● Directions for this task
Would you copy all lines in the data that contain the word "symmetric"?

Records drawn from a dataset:
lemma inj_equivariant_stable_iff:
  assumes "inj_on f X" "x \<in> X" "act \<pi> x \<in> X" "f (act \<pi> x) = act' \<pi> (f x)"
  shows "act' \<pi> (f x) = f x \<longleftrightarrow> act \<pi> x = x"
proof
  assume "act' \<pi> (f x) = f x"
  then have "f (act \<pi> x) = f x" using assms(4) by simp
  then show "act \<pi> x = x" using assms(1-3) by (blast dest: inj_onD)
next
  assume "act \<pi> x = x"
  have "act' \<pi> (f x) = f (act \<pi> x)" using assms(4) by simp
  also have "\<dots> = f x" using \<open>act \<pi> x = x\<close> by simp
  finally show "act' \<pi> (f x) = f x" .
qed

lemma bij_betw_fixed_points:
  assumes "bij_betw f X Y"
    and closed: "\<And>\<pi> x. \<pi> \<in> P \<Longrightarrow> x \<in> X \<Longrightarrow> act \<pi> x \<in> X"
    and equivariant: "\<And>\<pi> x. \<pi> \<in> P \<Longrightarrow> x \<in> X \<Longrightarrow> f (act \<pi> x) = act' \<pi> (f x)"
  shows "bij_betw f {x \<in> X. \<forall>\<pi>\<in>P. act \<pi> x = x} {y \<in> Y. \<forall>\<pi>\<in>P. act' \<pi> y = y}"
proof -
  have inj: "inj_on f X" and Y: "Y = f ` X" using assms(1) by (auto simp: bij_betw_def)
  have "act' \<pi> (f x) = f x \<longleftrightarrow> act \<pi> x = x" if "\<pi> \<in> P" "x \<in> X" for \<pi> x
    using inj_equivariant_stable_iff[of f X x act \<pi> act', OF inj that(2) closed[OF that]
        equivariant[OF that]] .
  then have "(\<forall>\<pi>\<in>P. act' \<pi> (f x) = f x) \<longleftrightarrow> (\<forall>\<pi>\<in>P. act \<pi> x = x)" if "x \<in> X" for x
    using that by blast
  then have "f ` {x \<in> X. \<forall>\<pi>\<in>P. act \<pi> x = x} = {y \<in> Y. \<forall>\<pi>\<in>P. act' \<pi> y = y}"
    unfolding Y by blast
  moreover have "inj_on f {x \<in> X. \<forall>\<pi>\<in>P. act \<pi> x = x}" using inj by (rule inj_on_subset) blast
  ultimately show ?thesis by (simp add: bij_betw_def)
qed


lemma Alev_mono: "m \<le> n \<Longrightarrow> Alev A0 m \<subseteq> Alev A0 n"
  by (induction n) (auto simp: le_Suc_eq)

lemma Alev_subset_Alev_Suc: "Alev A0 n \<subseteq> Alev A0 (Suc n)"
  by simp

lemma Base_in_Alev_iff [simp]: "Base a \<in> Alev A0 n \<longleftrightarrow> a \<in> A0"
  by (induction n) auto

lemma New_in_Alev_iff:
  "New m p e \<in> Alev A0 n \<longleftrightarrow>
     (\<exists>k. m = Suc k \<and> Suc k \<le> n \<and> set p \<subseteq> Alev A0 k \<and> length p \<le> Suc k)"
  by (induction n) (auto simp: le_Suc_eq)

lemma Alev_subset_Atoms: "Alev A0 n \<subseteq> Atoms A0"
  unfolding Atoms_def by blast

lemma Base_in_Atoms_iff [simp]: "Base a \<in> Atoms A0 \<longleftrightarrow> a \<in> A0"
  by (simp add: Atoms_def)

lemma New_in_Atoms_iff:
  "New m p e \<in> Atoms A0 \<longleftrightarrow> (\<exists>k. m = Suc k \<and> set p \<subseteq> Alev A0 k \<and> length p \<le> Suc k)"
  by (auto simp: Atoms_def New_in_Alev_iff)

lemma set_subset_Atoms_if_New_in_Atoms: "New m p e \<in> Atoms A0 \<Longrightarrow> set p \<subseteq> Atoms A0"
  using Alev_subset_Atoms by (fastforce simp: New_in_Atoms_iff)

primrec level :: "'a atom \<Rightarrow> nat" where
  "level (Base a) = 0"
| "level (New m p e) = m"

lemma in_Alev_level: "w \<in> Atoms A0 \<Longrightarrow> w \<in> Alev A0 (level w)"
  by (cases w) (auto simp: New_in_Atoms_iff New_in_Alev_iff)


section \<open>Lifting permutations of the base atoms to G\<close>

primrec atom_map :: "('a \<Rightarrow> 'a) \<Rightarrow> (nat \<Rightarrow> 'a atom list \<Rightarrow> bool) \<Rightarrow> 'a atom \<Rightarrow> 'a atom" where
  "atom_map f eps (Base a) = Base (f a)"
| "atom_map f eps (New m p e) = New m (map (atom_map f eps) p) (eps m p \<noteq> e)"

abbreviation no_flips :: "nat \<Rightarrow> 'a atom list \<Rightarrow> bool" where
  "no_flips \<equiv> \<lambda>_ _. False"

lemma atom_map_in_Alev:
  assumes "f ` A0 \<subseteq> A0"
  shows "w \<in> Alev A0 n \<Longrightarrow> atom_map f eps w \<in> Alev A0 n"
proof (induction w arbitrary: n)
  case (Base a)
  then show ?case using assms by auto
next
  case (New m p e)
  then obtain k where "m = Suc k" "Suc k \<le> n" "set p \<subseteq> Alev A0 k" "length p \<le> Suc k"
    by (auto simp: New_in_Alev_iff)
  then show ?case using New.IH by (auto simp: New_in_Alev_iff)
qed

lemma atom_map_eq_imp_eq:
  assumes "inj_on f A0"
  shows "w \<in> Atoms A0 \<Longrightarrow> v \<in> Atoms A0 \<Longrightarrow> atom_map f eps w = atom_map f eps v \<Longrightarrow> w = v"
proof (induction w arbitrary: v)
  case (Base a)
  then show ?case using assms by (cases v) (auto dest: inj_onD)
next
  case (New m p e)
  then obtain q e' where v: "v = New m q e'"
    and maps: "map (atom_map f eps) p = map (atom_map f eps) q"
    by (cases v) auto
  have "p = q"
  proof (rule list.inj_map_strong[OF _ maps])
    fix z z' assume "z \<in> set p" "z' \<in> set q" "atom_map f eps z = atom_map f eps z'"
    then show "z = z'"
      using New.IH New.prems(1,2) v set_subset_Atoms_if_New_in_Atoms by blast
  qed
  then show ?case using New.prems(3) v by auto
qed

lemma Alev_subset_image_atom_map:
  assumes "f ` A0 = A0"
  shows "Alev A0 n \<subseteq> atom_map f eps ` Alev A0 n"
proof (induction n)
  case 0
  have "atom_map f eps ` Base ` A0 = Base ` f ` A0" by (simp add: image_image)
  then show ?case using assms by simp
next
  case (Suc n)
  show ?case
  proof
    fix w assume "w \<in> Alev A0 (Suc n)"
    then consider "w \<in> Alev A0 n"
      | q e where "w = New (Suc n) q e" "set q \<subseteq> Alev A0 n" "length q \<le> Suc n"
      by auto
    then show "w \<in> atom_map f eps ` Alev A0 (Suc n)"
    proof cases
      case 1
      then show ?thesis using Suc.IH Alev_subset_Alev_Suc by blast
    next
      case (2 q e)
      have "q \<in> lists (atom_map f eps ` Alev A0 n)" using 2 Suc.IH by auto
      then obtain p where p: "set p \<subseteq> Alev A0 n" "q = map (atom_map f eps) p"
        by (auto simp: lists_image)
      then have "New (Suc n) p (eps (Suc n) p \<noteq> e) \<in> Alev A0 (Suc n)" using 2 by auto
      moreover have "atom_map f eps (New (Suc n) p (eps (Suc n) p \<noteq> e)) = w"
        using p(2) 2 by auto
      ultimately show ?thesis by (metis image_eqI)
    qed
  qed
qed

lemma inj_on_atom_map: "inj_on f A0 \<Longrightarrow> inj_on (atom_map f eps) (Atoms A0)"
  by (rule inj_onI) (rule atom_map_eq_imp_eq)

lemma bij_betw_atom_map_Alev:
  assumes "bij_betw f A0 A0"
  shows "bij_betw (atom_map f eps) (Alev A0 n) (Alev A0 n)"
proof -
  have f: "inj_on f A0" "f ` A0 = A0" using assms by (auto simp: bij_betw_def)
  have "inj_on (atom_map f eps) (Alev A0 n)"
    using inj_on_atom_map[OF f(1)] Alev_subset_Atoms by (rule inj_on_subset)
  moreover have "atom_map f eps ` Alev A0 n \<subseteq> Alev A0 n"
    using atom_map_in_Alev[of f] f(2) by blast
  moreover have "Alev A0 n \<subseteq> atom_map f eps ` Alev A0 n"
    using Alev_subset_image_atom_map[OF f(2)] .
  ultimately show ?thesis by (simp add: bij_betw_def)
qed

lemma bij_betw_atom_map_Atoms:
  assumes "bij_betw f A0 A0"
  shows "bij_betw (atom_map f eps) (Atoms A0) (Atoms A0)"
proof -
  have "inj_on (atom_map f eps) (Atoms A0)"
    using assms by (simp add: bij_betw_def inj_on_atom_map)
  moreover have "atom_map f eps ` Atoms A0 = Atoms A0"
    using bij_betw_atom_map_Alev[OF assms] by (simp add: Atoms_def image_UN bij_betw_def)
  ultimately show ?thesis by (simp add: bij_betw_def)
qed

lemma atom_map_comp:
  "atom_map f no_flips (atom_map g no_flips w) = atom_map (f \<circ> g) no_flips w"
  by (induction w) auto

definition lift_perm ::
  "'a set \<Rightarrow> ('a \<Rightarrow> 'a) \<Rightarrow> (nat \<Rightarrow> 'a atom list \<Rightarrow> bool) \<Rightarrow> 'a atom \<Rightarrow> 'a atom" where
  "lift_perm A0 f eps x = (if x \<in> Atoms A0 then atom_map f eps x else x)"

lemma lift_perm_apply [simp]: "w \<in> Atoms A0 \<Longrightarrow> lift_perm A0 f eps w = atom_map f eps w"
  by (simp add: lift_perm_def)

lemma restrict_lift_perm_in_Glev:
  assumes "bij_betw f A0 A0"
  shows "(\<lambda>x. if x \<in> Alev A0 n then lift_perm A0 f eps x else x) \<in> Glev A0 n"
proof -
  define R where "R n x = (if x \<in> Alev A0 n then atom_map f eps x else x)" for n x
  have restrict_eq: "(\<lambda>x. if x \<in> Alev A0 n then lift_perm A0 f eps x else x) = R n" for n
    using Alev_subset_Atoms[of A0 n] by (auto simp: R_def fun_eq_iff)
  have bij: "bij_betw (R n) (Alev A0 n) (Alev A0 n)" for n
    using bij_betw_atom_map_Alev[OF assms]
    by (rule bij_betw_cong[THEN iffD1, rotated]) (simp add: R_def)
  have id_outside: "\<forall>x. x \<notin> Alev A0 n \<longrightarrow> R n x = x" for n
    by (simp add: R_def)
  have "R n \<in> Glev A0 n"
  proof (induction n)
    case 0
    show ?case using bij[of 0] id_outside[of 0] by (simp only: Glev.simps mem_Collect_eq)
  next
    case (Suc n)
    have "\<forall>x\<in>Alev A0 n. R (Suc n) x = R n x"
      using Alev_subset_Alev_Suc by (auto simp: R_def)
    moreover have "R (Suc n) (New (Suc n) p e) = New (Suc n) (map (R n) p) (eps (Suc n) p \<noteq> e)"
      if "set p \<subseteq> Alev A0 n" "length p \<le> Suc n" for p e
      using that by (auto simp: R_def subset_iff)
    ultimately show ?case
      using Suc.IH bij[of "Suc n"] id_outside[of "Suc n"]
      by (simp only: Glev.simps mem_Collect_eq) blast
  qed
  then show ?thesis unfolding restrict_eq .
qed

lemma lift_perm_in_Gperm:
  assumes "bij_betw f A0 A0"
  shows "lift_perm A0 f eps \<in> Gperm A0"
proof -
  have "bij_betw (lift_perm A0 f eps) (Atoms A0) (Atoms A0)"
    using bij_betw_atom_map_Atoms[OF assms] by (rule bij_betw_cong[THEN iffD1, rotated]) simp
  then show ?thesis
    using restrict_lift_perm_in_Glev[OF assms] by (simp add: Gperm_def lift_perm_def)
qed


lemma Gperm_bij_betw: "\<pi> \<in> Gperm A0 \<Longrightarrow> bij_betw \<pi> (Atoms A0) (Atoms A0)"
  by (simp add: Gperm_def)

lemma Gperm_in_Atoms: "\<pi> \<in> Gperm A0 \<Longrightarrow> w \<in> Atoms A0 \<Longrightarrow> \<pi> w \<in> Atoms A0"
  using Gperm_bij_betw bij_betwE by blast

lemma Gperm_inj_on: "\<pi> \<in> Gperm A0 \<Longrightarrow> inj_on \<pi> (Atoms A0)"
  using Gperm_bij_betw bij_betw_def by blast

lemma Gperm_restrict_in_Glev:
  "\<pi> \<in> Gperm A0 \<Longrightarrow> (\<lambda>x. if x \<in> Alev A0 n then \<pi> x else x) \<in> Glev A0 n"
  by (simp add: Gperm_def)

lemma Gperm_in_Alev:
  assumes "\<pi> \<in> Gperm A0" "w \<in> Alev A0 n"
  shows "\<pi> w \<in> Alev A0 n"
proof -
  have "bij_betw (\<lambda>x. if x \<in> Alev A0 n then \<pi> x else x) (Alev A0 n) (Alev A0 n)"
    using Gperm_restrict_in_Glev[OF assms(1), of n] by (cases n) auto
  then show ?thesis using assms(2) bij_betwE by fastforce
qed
--
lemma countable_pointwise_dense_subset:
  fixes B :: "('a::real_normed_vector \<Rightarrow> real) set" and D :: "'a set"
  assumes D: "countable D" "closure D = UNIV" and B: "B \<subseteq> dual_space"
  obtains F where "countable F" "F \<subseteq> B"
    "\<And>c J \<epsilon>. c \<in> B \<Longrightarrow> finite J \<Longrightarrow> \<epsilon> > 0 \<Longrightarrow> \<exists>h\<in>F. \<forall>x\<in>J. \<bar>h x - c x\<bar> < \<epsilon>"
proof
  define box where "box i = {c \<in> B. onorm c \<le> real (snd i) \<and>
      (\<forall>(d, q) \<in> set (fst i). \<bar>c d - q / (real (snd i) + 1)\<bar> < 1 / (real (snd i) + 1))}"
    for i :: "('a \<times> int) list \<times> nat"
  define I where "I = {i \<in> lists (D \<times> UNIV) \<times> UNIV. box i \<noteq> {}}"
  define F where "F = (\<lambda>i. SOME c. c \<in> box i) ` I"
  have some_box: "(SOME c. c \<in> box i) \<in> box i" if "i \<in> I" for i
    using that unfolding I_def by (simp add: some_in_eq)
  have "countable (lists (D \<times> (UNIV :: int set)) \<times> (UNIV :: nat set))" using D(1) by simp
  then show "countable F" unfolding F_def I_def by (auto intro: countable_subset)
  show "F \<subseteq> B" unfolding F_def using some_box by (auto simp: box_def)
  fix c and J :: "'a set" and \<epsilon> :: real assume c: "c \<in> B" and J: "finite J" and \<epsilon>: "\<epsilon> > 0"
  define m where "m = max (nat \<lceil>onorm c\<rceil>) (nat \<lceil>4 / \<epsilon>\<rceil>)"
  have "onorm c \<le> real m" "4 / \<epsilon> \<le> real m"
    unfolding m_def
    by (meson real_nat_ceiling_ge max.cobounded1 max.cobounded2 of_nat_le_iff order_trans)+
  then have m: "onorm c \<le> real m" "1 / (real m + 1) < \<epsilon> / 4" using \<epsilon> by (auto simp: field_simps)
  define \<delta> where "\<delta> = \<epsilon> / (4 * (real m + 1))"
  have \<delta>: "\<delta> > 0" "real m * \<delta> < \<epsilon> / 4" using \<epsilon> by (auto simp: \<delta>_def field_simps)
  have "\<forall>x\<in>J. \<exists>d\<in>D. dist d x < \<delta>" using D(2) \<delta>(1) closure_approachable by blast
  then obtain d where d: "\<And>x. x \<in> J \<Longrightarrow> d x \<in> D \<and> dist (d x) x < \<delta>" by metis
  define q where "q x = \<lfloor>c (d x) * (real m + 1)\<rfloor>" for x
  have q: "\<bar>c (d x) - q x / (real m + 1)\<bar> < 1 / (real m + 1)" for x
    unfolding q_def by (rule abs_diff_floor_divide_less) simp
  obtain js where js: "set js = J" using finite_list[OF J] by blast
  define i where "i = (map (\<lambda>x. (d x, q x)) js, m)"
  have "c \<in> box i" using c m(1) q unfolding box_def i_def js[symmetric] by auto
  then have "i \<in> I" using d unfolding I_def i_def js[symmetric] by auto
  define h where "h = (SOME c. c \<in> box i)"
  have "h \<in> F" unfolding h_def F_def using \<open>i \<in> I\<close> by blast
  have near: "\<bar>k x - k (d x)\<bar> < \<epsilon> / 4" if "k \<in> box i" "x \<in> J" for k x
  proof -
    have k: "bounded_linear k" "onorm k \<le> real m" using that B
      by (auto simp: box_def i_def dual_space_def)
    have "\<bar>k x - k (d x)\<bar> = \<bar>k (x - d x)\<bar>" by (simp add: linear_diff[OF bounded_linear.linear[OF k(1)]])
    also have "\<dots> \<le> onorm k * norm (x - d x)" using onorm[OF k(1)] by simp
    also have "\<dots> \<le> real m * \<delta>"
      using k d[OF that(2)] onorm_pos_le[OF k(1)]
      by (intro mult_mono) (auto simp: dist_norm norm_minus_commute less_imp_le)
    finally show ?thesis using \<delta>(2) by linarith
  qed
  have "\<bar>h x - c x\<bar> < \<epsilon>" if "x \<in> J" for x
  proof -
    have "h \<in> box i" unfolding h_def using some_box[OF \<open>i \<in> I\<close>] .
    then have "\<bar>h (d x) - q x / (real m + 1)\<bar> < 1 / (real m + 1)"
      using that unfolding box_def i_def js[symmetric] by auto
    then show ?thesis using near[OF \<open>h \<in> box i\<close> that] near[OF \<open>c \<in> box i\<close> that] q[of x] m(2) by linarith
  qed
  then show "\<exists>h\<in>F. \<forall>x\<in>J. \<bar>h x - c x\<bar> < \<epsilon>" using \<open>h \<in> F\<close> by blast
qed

● Reply to the exercise
  have "c \<in> box i" using c m(1) q unfolding box_def i_def js[symmetric] by auto
  then have "i \<in> I" using d unfolding I_def i_def js[symmetric] by auto
      using that unfolding box_def i_def js[symmetric] by auto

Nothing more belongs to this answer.